Retype exactly the lines below, beginning with the first and ending with the line where "u(1)] s by blast" appears.

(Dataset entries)
* * *

lemma pow2_add:
  assumes D: "x \<in> D" "y \<in> D" "p \<in> D" "q \<in> D" "r \<in> D" and E: "pow2 x p" "pow2 y q" "pow2 (x \<oplus> y) r"
  shows "r = p \<otimes> q"
proof -
  define B where "B = q \<oplus> r \<oplus> (x \<oplus> y) \<oplus> \<one>"
  have B: "B \<in> D" "q \<prec> B" "r \<prec> B" "x \<oplus> y \<prec> B" using less_sum3[of q r "x \<oplus> y"] D unfolding B_def by auto
  let ?Q = "\<lambda>a. \<forall>u\<in>D. u \<prec> B \<longrightarrow> (\<forall>v\<in>D. v \<prec> B \<longrightarrow> (\<forall>s\<in>D. s \<prec> B \<longrightarrow> s = x \<oplus> a \<longrightarrow> pow2 a u \<longrightarrow> pow2 s v \<longrightarrow> v = p \<otimes> u))"
  have "?Q y"
  proof (rule delta0_induct[where F="BAll 2 (Var 1) (BAll 3 (Var 1) (BAll 6 (Var 1) (Imp (Eq (Var 6) (Plus (Var 4) (Var 0)))
      (Imp (pow2_fm 0 2) (Imp (pow2_fm 6 3) (Eq (Var 3) (Times (Var 5) (Var 2))))))))"
      and e="(\<lambda>_. \<zero>)(1 := B, 4 := x, 5 := p)" and x=0 and Q="?Q"])
    show "?Q \<zero>"
    proof (intro ballI impI)
      fix u v s assume "u \<in> D" "v \<in> D" "s \<in> D" "s = x \<oplus> \<zero>" "pow2 \<zero> u" "pow2 s v"
      then have "u = \<one>" and "v = p" using pow2_zero pow2_unique[of x v p] D E by auto
      then show "v = p \<otimes> u" using D by simp
    qed
  next
    fix a assume a: "a \<in> D" and Qa: "?Q a"
    show "?Q (a \<oplus> \<one>)"
    proof (intro ballI impI)
      fix u v s assume u: "u \<in> D" "u \<prec> B" and v: "v \<in> D" "v \<prec> B"
        and s: "s \<in> D" "s \<prec> B" "s = x \<oplus> (a \<oplus> \<one>)" "pow2 (a \<oplus> \<one>) u" "pow2 s v"
      obtain b where b: "b \<in> D" "pow2 a b" "u = b \<oplus> b" using pow2_Suc[OF a u(1)] s by blast
      have s': "s = x \<oplus> a \<oplus> \<one>" using s a D by (simp add: add_assoc)
      obtain c where c: "c \<in> D" "pow2 (x \<oplus> a) c" "v = c \<oplus> c" using pow2_Suc[of "x \<oplus> a" v] s s' a D v by auto
      have "b \<prec> B" by (rule le_less_trans[OF _ _ _ le_add[of b b]]) (use b u B in simp_all)
      moreover have "c \<prec> B" by (rule le_less_trans[OF _ _ _ le_add[of c c]]) (use c v B in simp_all)
      moreover have "x \<oplus> a \<prec> B" by (rule trans[OF _ _ _ less_add1[of "x \<oplus> a"]]) (use s' s a D B in simp_all)
      ultimately have "c = p \<otimes> b" using Qa b c a D by simp
      then show "v = p \<otimes> u" using b c D by (simp add: distrib_left)
    qed
  qed (use D B in \<open>auto simp: env_in_def\<close>)
  then show ?thesis using D B E by simp
qed

lemma pow2_less_split:
  assumes D: "u \<in> D" "v \<in> D" "p \<in> D" "t \<in> D" and uv: "u \<prec> v" and E: "pow2 u p" "pow2 v t"
  obtains P where "P \<in> D" "is_even P" "t = p \<otimes> P"
proof -
  obtain k where k: "k \<in> D" "u \<oplus> k = v" using less_imp_add uv D by blast
  have "k \<noteq> \<zero>" using k uv D by auto
  then obtain k' where k': "k' \<in> D" "k = k' \<oplus> \<one>" using eq_Suc_pred k by blast
  obtain P where P: "P \<in> D" "pow2 k P" using pow2_total k by blast
  obtain b where b: "b \<in> D" "pow2 k' b" "P = b \<oplus> b" using pow2_Suc[of k' P] P k' by auto
  have "t = p \<otimes> P" using pow2_add[of u k p P t] D k P E by simp
  moreover have "is_even P" unfolding is_even_def using b by blast
  ultimately show ?thesis using P that by blast
qed

abbreviation bit :: "'a \<Rightarrow> 'a \<Rightarrow> bool" where
  "bit u c \<equiv> bit_in K eps vx vy u c"

lemma bit_iff_odd_quotient:
  assumes D: "u \<in> D" "c \<in> D" "p \<in> D" "q \<in> D" "r \<in> D" and E: "pow2 u p" and c: "c = q \<otimes> p \<oplus> r" "r \<prec> p"
  shows "bit u c \<longleftrightarrow> is_odd q"
proof
  assume "bit u c"
  then obtain p' q' r' where w: "p' \<in> D" "pow2 u p'" "q' \<in> D" "r' \<in> D" "c = q' \<otimes> p' \<oplus> r'" "r' \<prec> p'" "is_odd q'"
    unfolding bit_in_def is_odd_def by blast
  have "p' = p" using pow2_unique[of u p' p] w D E by simp
  then have "q' = q" using div_unique[of q' r' q r p] w D c by simp
  then show "is_odd q" using w by simp
next
  assume "is_odd q"
  then show "bit u c" unfolding bit_in_def is_odd_def using D E c by blast
qed

lemma not_bit_zero:
  assumes "u \<in> D"
  shows "\<not> bit u \<zero>"
proof -
  obtain p where p: "p \<in> D" "pow2 u p" using pow2_total assms by blast
  then have "bit u \<zero> \<longleftrightarrow> is_odd \<zero>"
    using bit_iff_odd_quotient[of u "\<zero>" p "\<zero>" "\<zero>"] pow2_pos assms by simp
  moreover have "is_even \<zero>" unfolding is_even_def by (intro bexI[of _ "\<zero>"]) auto
  ultimately show ?thesis using not_even_odd zero_dom by blast
qed

lemma bit_witnesses_le:
  assumes D: "u \<in> D" "c \<in> D" and b: "bit u c"
  shows "\<exists>p\<in>D. p \<preceq> c \<and> pow2 u p \<and> (\<exists>q\<in>D. q \<preceq> c \<and> (\<exists>r\<in>D. r \<preceq> c \<and> c = q \<otimes> p \<oplus> r \<and> r \<prec> p
    \<and> (\<exists>s\<in>D. s \<preceq> c \<and> q = s \<oplus> s \<oplus> \<one>)))"
proof -
  obtain p q r s where w: "p \<in> D" "pow2 u p" "q \<in> D" "r \<in> D" "c = q \<otimes> p \<oplus> r" "r \<prec> p" "s \<in> D" "q = s \<oplus> s \<oplus> \<one>"
    using b unfolding bit_in_def by blast
  have p1: "\<one> \<preceq> p" using pow2_ge1 D w by blast
  have q1: "\<one> \<preceq> q" using le_add2[of "\<one>" "s \<oplus> s"] w by simp
  have cq: "q \<otimes> p \<preceq> c" using le_add[of "q \<otimes> p" r] w by simp
  have "\<one> \<otimes> p \<preceq> q \<otimes> p" using mul_le_mono_r[of "\<one>" q p] q1 w by simp
  then have pc: "p \<preceq> c" using cq w le_trans[of p "q \<otimes> p" c] D by simp
  have qc: "q \<preceq> c" using le_mul[of q p] p1 cq w le_trans[of q "q \<otimes> p" c] D by simp
  have rc: "r \<preceq> c" using le_add2[of r "q \<otimes> p"] w by simp
  have "s \<preceq> q" using w le_add[of s s] le_add[of "s \<oplus> s" "\<one>"] le_trans[of s "s \<oplus> s" "s \<oplus> s \<oplus> \<one>"] by simp
  then have sc: "s \<preceq> c" using qc le_trans[of s q c] w D by simp
  show ?thesis using w pc qc rc sc by blast
qed

text \<open>All witnesses in the definition of \<open>u \<in> c\<close> are at most \<open>c\<close>, so it is \<open>\<Delta>\<^sub>0\<close>.\<close>

lemma definable_bit:
  assumes ij: "i \<noteq> j"
  shows "definable K b k (\<lambda>e. bit (e i) (e j))"
proof -
  define P Q R S where "P = i + j + 1" and "Q = i + j + 2" and "R = i + j + 3" and "S = i + j + 4"
  let ?F = "BEx P (Plus (Var j) One) (Conj (pow2_fm i P) (BEx Q (Plus (Var j) One) (BEx R (Plus (Var j) One)
     (Conj (Eq (Var j) (Plus (Times (Var Q) (Var P)) (Var R))) (Conj (Lt (Var R) (Var P))
       (BEx S (Plus (Var j) One) (Eq (Var Q) (Plus (Plus (Var S) (Var S)) One))))))))"
  have "definable K True 0 (\<lambda>e. bit (e i) (e j))"
  proof (rule definable_cong[OF definable_sat[of True 0 ?F]])
    fix e assume e: "env_in K e"
    then have De: "e i \<in> D" "e j \<in> D" unfolding env_in_def by auto
    have "sat K e ?F = (\<exists>p\<in>D. p \<prec> e j \<oplus> \<one> \<and> pow2 (e i) p \<and> (\<exists>q\<in>D. q \<prec> e j \<oplus> \<one> \<and> (\<exists>r\<in>D. r \<prec> e j \<oplus> \<one> \<and>
        e j = q \<otimes> p \<oplus> r \<and> r \<prec> p \<and> (\<exists>s\<in>D. s \<prec> e j \<oplus> \<one> \<and> q = s \<oplus> s \<oplus> \<one>))))"
      using ij unfolding P_def Q_def R_def S_def by simp
    also have "\<dots> = bit (e i) (e j)"
      using bit_witnesses_le[OF De] le_less_Suc De unfolding bit_in_def by blast
    finally show "sat K e ?F = bit (e i) (e j)" .
  qed simp
  then show ?thesis by (rule definable_0)
qed

lemma bit_add_even_multiple:
  assumes D: "v \<in> D" "d \<in> D" "t \<in> D" "P \<in> D" and E: "pow2 v t" and P: "is_even P"
  shows "bit v (d \<oplus> P \<otimes> t) \<longleftrightarrow> bit v d"
proof -
  obtain q r where qr: "q \<in> D" "r \<in> D" "d = q \<otimes> t \<oplus> r" "r \<prec> t"
    using division[OF D(2,3) pow2_pos[OF D(1,3) E]] by blast
  have "d \<oplus> P \<otimes> t = (q \<oplus> P) \<otimes> t \<oplus> r" using qr D by (simp add: ac)
  then have "bit v (d \<oplus> P \<otimes> t) \<longleftrightarrow> is_odd (q \<oplus> P)"
    using bit_iff_odd_quotient[of v _ t "q \<oplus> P" r] qr D E by simp
  also have "\<dots> \<longleftrightarrow> is_odd q" using odd_add_even_iff qr D P by blast
  also have "\<dots> \<longleftrightarrow> bit v d" using bit_iff_odd_quotient[OF D(1,2,3) qr(1,2) E qr(3,4)] by simp
  finally show ?thesis .
qed

lemma even_quotient_add_less:
  assumes D: "q \<in> D" "p \<in> D" "r \<in> D" "P \<in> D" and r: "r \<prec> p" and lt: "q \<otimes> p \<oplus> r \<prec> P \<otimes> p"
    and ev: "is_even q" "is_even P"
  shows "q \<otimes> p \<oplus> r \<oplus> p \<prec> P \<otimes> p"
proof -
  have "q \<otimes> p \<prec> P \<otimes> p" by (rule le_less_trans[OF _ _ _ le_add lt]) (use D in simp_all)
  then have "q \<prec> P" using mul_less_cancel_r D by blast
  then have "q \<oplus> \<one> \<prec> P" using even_less D ev by blast
  then have "q \<oplus> \<one> \<oplus> \<one> \<preceq> P" using less_succ_le D by simp
  then have 1: "(q \<oplus> \<one> \<oplus> \<one>) \<otimes> p \<preceq> P \<otimes> p" using mul_le_mono_r[of "q \<oplus> \<one> \<oplus> \<one>" P p] D by simp
  have "q \<otimes> p \<oplus> r \<prec> q \<otimes> p \<oplus> p" using add_less_cancel_l[of r p "q \<otimes> p"] D r by simp
  then have "q \<otimes> p \<oplus> r \<oplus> p \<prec> q \<otimes> p \<oplus> p \<oplus> p" using add_less_cancel_r[of "q \<otimes> p \<oplus> r" "q \<otimes> p \<oplus> p" p] D by simp
  also have "q \<otimes> p \<oplus> p \<oplus> p = (q \<oplus> \<one> \<oplus> \<one>) \<otimes> p" using D by (simp add: distrib_right)
  finally have 2: "q \<otimes> p \<oplus> r \<oplus> p \<prec> (q \<oplus> \<one> \<oplus> \<one>) \<otimes> p" .
  show ?thesis by (rule less_le_trans[OF _ _ _ 2 1]) (use D in simp_all)
qed
definition H_cond_V ::
  "('x::{finite,ab_group_add} \<times> 'z::finite \<Rightarrow> 'x \<times> 'z \<Rightarrow> real) \<Rightarrow> ('z \<Rightarrow> 'z \<Rightarrow> real) \<Rightarrow> real \<Rightarrow> real" where
  "H_cond_V Wc V \<theta> =
     ln (pf_eig (\<lambda>(x, z) (x', z'). Wc (x, z) (x', z') powr (1 - \<theta>) * V z z' powr \<theta>)) / \<theta>"

definition admissible_V :: "('x::{finite,ab_group_add} \<times> 'z::finite \<Rightarrow> 'x \<times> 'z \<Rightarrow> real) \<Rightarrow> ('z \<Rightarrow> 'z \<Rightarrow> real) \<Rightarrow> bool" where
  "admissible_V Wc V \<longleftrightarrow> transition_matrix V \<and> (\<forall>z z'. WcZ Wc z z' > 0 \<longrightarrow> V z z' > 0)"

definition H_cond_up :: "('x::{finite,ab_group_add} \<times> 'z::finite \<Rightarrow> 'x \<times> 'z \<Rightarrow> real) \<Rightarrow> real \<Rightarrow> real" where
  "H_cond_up Wc \<theta> = (SUP V\<in>{V. admissible_V Wc V}. H_cond_V Wc V \<theta>)"

definition H_cond_down :: "('x::{finite,ab_group_add} \<times> 'z::finite \<Rightarrow> 'x \<times> 'z \<Rightarrow> real) \<Rightarrow> real \<Rightarrow> real" where
  "H_cond_down Wc \<theta> = H_cond_V Wc (WcZ Wc) \<theta>"

definition H_cond_rate :: "('x::{finite,ab_group_add} \<times> 'z::finite \<Rightarrow> 'x \<times> 'z \<Rightarrow> real) \<Rightarrow> real" where
  "H_cond_rate Wc = Lim (at 0) (H_cond_down Wc)"

definition U_up ::
  "('m::finite \<Rightarrow> 'm \<Rightarrow> real) \<Rightarrow> ('x::{finite,ab_group_add} \<times> 'z::finite \<Rightarrow> 'x \<times> 'z \<Rightarrow> real) \<Rightarrow> real \<Rightarrow> real \<Rightarrow> real" where
  "U_up Ws Wc r \<theta> = r * theta_H_src Ws \<theta> + \<theta> * H_cond_up Wc \<theta>"

end

theory Submission
  imports Defs
begin

text \<open>Random coding with maximum-likelihood decoding (Gallager) bounds \<open>P\<^sub>j(k, n)\<close>, for
  every \<open>0 < \<rho> \<le> 1\<close>, by \<open>(\<Sum>\<^sub>m P(m)\<^sup>1\<^sup>/\<^sup>(\<^sup>1\<^sup>+\<^sup>\<rho>\<^sup>))\<^sup>1\<^sup>+\<^sup>\<rho>\<close> times
  \<open>\<Sum>\<^sub>z (\<Sum>\<^sub>x P(x, z)\<^sup>1\<^sup>/\<^sup>(\<^sup>1\<^sup>+\<^sup>\<rho>\<^sup>))\<^sup>1\<^sup>+\<^sup>\<rho>\<close> divided by \<open>|\<X>|\<^sup>n\<^sup>\<rho>\<close>.  Both sums
  are total masses of Markov chains whose transition matrices are entrywise powers of
  \<open>W\<^sub>s\<close> and \<open>W\<^sub>c\<close>, so they grow geometrically with the Perron roots of those matrices.
  For the source this root is \<open>exp (\<theta> H\<^sub>1\<^sub>-\<^sub>\<theta>(M))\<close>.  For the noise, Assumption 2 either
  lets one sum out \<open>x\<close> and obtain a chain on \<open>\<Z>\<close>, whose Perron root \<open>\<mu>\<close> is realised inside
  \<open>H\<^sup>\<up>\<close> by a suitable transition matrix \<open>V\<close>, or makes \<open>\<Z>\<close> trivial; in both cases
  \<open>(1 - s) log \<mu> \<le> s H\<^sup>\<up>\<^sub>1\<^sub>-\<^sub>s(X|Z)\<close> with \<open>s = \<rho> / (1 + \<rho>)\<close>.  Taking \<open>-(1/n) log\<close> gives the
  exponent for each \<open>s \<in> (0, 1/2]\<close>.\<close>

subsection \<open>Matrix powers and irreducibility\<close>

lemma sum_mult_delta_right [simp]:
  "(\<Sum>k\<in>(UNIV::'a::finite set). f k * (if k = j then 1 else 0)) = (f j :: real)"
  by (simp add: if_distrib cong: if_cong)
text \<open>The M sums x a + x (a + d) add up to 2, and M - 1 of them being at most s leaves
  at least 2 s for the last one, which forces two maximal points.\<close>
lemma two_heavy_pairs_per_shift:
  fixes M d :: nat
  assumes le: "\<forall>a<M. x a \<le> s" and sum1: "(\<Sum>a<M. x a) = 1" and Ms: "real (M + 1) * s \<le> 2"
    and max_unique: "\<And>a b. a < M \<Longrightarrow> b < M \<Longrightarrow> x a = s \<Longrightarrow> x b = s \<Longrightarrow> a = b"
    and d: "0 < d" "d < M"
  shows "2 \<le> card {a \<in> {..<M}. s < x a + x ((a + d) mod M)}"
proof (rule ccontr)
  define g where "g a = x a + x ((a + d) mod M)" for a
  define K where "K = {a \<in> {..<M}. s < g a}"
  assume "\<not> 2 \<le> card {a \<in> {..<M}. s < x a + x ((a + d) mod M)}"
  then have "card K \<le> 1"
    unfolding K_def g_def by simp
  moreover have "finite K"
    unfolding K_def by simp
  ultimately have "\<exists>a0<M. K \<subseteq> {a0}"
  proof (cases "K = {}")
    case False
    then obtain a0 where "a0 \<in> K"
      by blast
    then show ?thesis
      using \<open>card K \<le> 1\<close> \<open>finite K\<close> card_le_Suc0_iff_eq[of K] unfolding K_def by auto
  qed (use d in auto)
  then obtain a0 where a0: "a0 < M" and K_sub: "K \<subseteq> {a0}"
    by blast
  have x_le: "x a \<le> s" "x ((a + d) mod M) \<le> s" if "a < M" for a
    using le that d by auto
  have "2 = (\<Sum>a<M. g a)"
    unfolding g_def sum.distrib sum_mod_add_shift sum1 by simp
  also have "\<dots> \<le> (\<Sum>a<M. if a = a0 then g a0 else s)"
    using K_sub by (intro sum_mono) (auto simp: K_def not_less)
  also have "\<dots> = g a0 + real (M - 1) * s"
    using a0 by (simp add: sum.If_cases Int_absorb1 card_Diff_singleton of_nat_diff flip: Diff_eq)
  finally have "2 * s \<le> g a0"
    using Ms a0 by (simp add: of_nat_diff algebra_simps)
  then have "x a0 = s" "x ((a0 + d) mod M) = s"
    using x_le[OF a0] unfolding g_def by linarith+
  moreover have "(a0 + d) mod M \<noteq> a0"
    using mod_add_neq_self[OF d, of a0] a0 by simp
  moreover have "(a0 + d) mod M < M"
    using d by simp
  ultimately show False
    using max_unique a0 by blast
qed

lemma card_heavy_pairs_no_two_maximal:
  fixes M :: nat
  assumes le: "\<forall>a<M. x a \<le> s" and sum1: "(\<Sum>a<M. x a) = 1" and Ms: "real (M + 1) * s \<le> 2"
    and max_unique: "\<And>a b. a < M \<Longrightarrow> b < M \<Longrightarrow> x a = s \<Longrightarrow> x b = s \<Longrightarrow> a = b"
  shows "2 * (M - 1) \<le> card (heavy_pairs x M s)"
proof -
  define K where "K d = {a \<in> {..<M}. s < x a + x ((a + d) mod M)}" for d
  define shift_pair where "shift_pair = (\<lambda>(d, a). (a, (a + d) mod M))"
  have two_heavy_shift: "2 \<le> card (K d)" if "0 < d" "d < M" for d
    unfolding K_def by (rule two_heavy_pairs_per_shift[OF le sum1 Ms max_unique that])
  have "inj_on shift_pair (Sigma {0<..<M} K)"
  proof (rule inj_onI)
    fix p q
    assume "p \<in> Sigma {0<..<M} K" "q \<in> Sigma {0<..<M} K" "shift_pair p = shift_pair q"
    then show "p = q"
      unfolding shift_pair_def using mod_add_left_cancel_less[of "fst p" M "fst q" "snd p"]
      by (auto simp: case_prod_beta prod_eq_iff)
  qed
  moreover have "shift_pair ` Sigma {0<..<M} K \<subseteq> heavy_pairs x M s"
  proof (rule image_subsetI, clarify)
    fix d a
    assume "a \<in> K d" "d \<in> {0<..<M}"
    then have "0 < d" "d < M" "a < M" "s < x a + x ((a + d) mod M)"
      unfolding K_def by auto
    moreover have "(a + d) mod M \<noteq> a"
      using mod_add_neq_self[of d M a] calculation by simp
    ultimately show "shift_pair (d, a) \<in> heavy_pairs x M s"
      unfolding shift_pair_def heavy_pairs_def off_diagonal_def by simp
  qed
  ultimately have "card (Sigma {0<..<M} K) \<le> card (heavy_pairs x M s)"
    using card_mono[OF finite_heavy_pairs] by (metis card_image)
  moreover have "2 * (M - 1) \<le> card (Sigma {0<..<M} K)"
  proof -
    have "2 * (M - 1) = (\<Sum>d\<in>{0<..<M}. 2)"
      by simp
    also have "\<dots> \<le> (\<Sum>d\<in>{0<..<M}. card (K d))"
      using two_heavy_shift by (intro sum_mono) simp
    also have "\<dots> = card (Sigma {0<..<M} K)"
      by (rule card_SigmaI[symmetric]) (simp_all add: K_def)
    finally show ?thesis .
  qed
  ultimately show ?thesis
    by simp
qed
(* Let $\overline{H}_n = \sum_{j=1}^n \frac{(-1)^{j-1}}{j}$ denote the $n$th skew-harmonic number and let $\operatorname{Ein}(z) = \int_0^z \frac{1 - e^{-t}}{t}\,dt$ denote the complementary exponential integral. For all real $y$, $$\sum_{n = 1}^\infty \overline{H}_n\left(e^y - 1 - \frac{y}{1!} - \frac{y^2}{2!} - \ldots - \frac{y^n}{n!}\right) = y e^y\left[\operatorname{Ein}(2y) - \operatorname{Ein}(y)\right] - \cosh (y) +1.$$ *)

theory Defs
  imports "HOL-Analysis.Analysis"
begin

definition skew_harmonic :: "nat \<Rightarrow> real" where
  "skew_harmonic n = (\<Sum>j=1..n. (-1) ^ (j - 1) / real j)"

text \<open>The integrand is extended by its limit 1 at t = 0 (irrelevant for the integral).\<close>
definition Ein_integrand :: "real \<Rightarrow> real" where
  "Ein_integrand t = (if t = 0 then 1 else (1 - exp (- t)) / t)"

definition Ein :: "real \<Rightarrow> real" where
  "Ein z = (if 0 \<le> z then integral {0..z} Ein_integrand
            else - integral {z..0} Ein_integrand)"

end

(* With r_n(y) = e^y - (sum of y^k/k! for k < n) the Taylor tails of the exponential, and the
   skew-harmonic numbers written as integrals of geometric sums,
     H_n = integral over [0,1] of (sum of (-x)^j for j < n) = integral of (1 - (-x)^n) / (1 + x),
   the series (shifted to start at n = 0, where H_0 = 0) is the integral over [0,1] of
   sum_n r_(n+1)(y) (1 - (-x)^n) / (1 + x).  Sum and integral may be exchanged by dominated
   convergence: the tails are absolutely summable and the geometric sums lie in [0,1].  The inner
   series follows from the two generating functions
     sum_n r_(n+1)(y) = y e^y,    sum_n r_(n+1)(y) t^n = (e^y - e^(t y)) / (1 - t)  (|t| <= 1, t /= 1),
   both proved by summation by parts, and equals y e^y/(1+x) - (e^y - e^(-x y))/(1+x)^2.
   This has the antiderivative (e^y - e^(-x y))/(1+x) + y e^y Ein(y (1+x)). *)

theory Submission
  imports Defs
begin

lemma isCont_Ein_integrand: "isCont Ein_integrand t"
proof (cases "t = 0")
  case True
  have "((\<lambda>t::real. 1 - exp (- t)) has_field_derivative 1) (at 0)"
    by (auto intro!: derivative_eq_intros)
  then have "((\<lambda>t::real. (1 - exp (- t)) / t) \<longlongrightarrow> 1) (at 0)"
    unfolding has_field_derivative_iff by simp
  then have "(Ein_integrand \<longlongrightarrow> 1) (at 0)"
    by (rule Lim_transform_eventually) (simp add: eventually_at_filter Ein_integrand_def)
  then show ?thesis
    using True by (simp add: isCont_def Ein_integrand_def)
next
  case False
  have "\<forall>\<^sub>F s in nhds t. (1 - exp (- s)) / s = Ein_integrand s"
    using eventually_nhds_in_open[of "- {0}" t] False
    by (auto elim!: eventually_mono simp: Ein_integrand_def)
  moreover have "isCont (\<lambda>s. (1 - exp (- s)) / s) t"
    using False by (auto intro!: continuous_intros)
  ultimately show ?thesis
    using isCont_cong[of "\<lambda>s. (1 - exp (- s)) / s" Ein_integrand t] by blast
qed

lemma continuous_on_Ein_integrand: "continuous_on S Ein_integrand"
  by (simp add: isCont_Ein_integrand continuous_at_imp_continuous_on)

lemma Ein_eq_integral_diff:
  assumes "a \<le> z" "a \<le> 0"
  shows "Ein z = integral {a..z} Ein_integrand - integral {a..0} Ein_integrand"
proof -
  have integrable: "Ein_integrand integrable_on {u..v}" for u v
    by (simp add: continuous_on_Ein_integrand integrable_continuous_real)
  show ?thesis
  proof (cases "0 \<le> z")
    case True
    then show ?thesis
      using Henstock_Kurzweil_Integration.integral_combine[of a 0 z Ein_integrand] integrable assms
      by (simp add: Ein_def)
  next
    case False
    then show ?thesis
      using Henstock_Kurzweil_Integration.integral_combine[of a z 0 Ein_integrand] integrable assms
      by (simp add: Ein_def)
  qed
qed

lemma has_real_derivative_Ein: "(Ein has_real_derivative Ein_integrand z) (at z)"
proof -
  define a b where "a = - \<bar>z\<bar> - 1" and "b = \<bar>z\<bar> + 1"
  have "z \<in> {a..b}"
    by (auto simp: a_def b_def)
  from integral_has_real_derivative[OF continuous_on_Ein_integrand this]
  have "((\<lambda>x. integral {a..x} Ein_integrand - integral {a..0} Ein_integrand)
          has_real_derivative Ein_integrand z) (at z within {a..b})"
    by (auto intro!: derivative_eq_intros)
  then have "((\<lambda>x. integral {a..x} Ein_integrand - integral {a..0} Ein_integrand)
               has_real_derivative Ein_integrand z) (at z)"
    by (subst (asm) at_within_interior) (auto simp: a_def b_def)
  then show ?thesis
    by (rule has_field_derivative_transform_within_open[where S = "{a<..<b}"])
       (auto simp: a_def b_def intro!: Ein_eq_integral_diff[symmetric])
qed

lemma has_real_derivative_Ein_compose [derivative_intros]:
  "(g has_real_derivative g') (at x within S) \<Longrightarrow>
   ((\<lambda>x. Ein (g x)) has_real_derivative Ein_integrand (g x) * g') (at x within S)"
  by (rule DERIV_chain2[OF has_real_derivative_Ein])

lemma mult_Ein_integrand_scaled:
  assumes "s \<noteq> 0"
  shows "y * Ein_integrand (y * s) = (1 - exp (- (y * s))) / s"
  using assms by (simp add: Ein_integrand_def)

* * *

**Exercise result**:
lemma pow2_add:
  assumes D: "x \<in> D" "y \<in> D" "p \<in> D" "q \<in> D" "r \<in> D" and E: "pow2 x p" "pow2 y q" "pow2 (x \<oplus> y) r"
  shows "r = p \<otimes> q"
proof -
  define B where "B = q \<oplus> r \<oplus> (x \<oplus> y) \<oplus> \<one>"
  have B: "B \<in> D" "q \<prec> B" "r \<prec> B" "x \<oplus> y \<prec> B" using less_sum3[of q r "x \<oplus> y"] D unfolding B_def by auto
  let ?Q = "\<lambda>a. \<forall>u\<in>D. u \<prec> B \<longrightarrow> (\<forall>v\<in>D. v \<prec> B \<longrightarrow> (\<forall>s\<in>D. s \<prec> B \<longrightarrow> s = x \<oplus> a \<longrightarrow> pow2 a u \<longrightarrow> pow2 s v \<longrightarrow> v = p \<otimes> u))"
  have "?Q y"
  proof (rule delta0_induct[where F="BAll 2 (Var 1) (BAll 3 (Var 1) (BAll 6 (Var 1) (Imp (Eq (Var 6) (Plus (Var 4) (Var 0)))
      (Imp (pow2_fm 0 2) (Imp (pow2_fm 6 3) (Eq (Var 3) (Times (Var 5) (Var 2))))))))"
      and e="(\<lambda>_. \<zero>)(1 := B, 4 := x, 5 := p)" and x=0 and Q="?Q"])
    show "?Q \<zero>"
    proof (intro ballI impI)
      fix u v s assume "u \<in> D" "v \<in> D" "s \<in> D" "s = x \<oplus> \<zero>" "pow2 \<zero> u" "pow2 s v"
      then have "u = \<one>" and "v = p" using pow2_zero pow2_unique[of x v p] D E by auto
      then show "v = p \<otimes> u" using D by simp
    qed
  next
    fix a assume a: "a \<in> D" and Qa: "?Q a"
    show "?Q (a \<oplus> \<one>)"
    proof (intro ballI impI)
      fix u v s assume u: "u \<in> D" "u \<prec> B" and v: "v \<in> D" "v \<prec> B"
        and s: "s \<in> D" "s \<prec> B" "s = x \<oplus> (a \<oplus> \<one>)" "pow2 (a \<oplus> \<one>) u" "pow2 s v"
      obtain b where b: "b \<in> D" "pow2 a b" "u = b \<oplus> b" using pow2_Suc[OF a u(1)] s by blast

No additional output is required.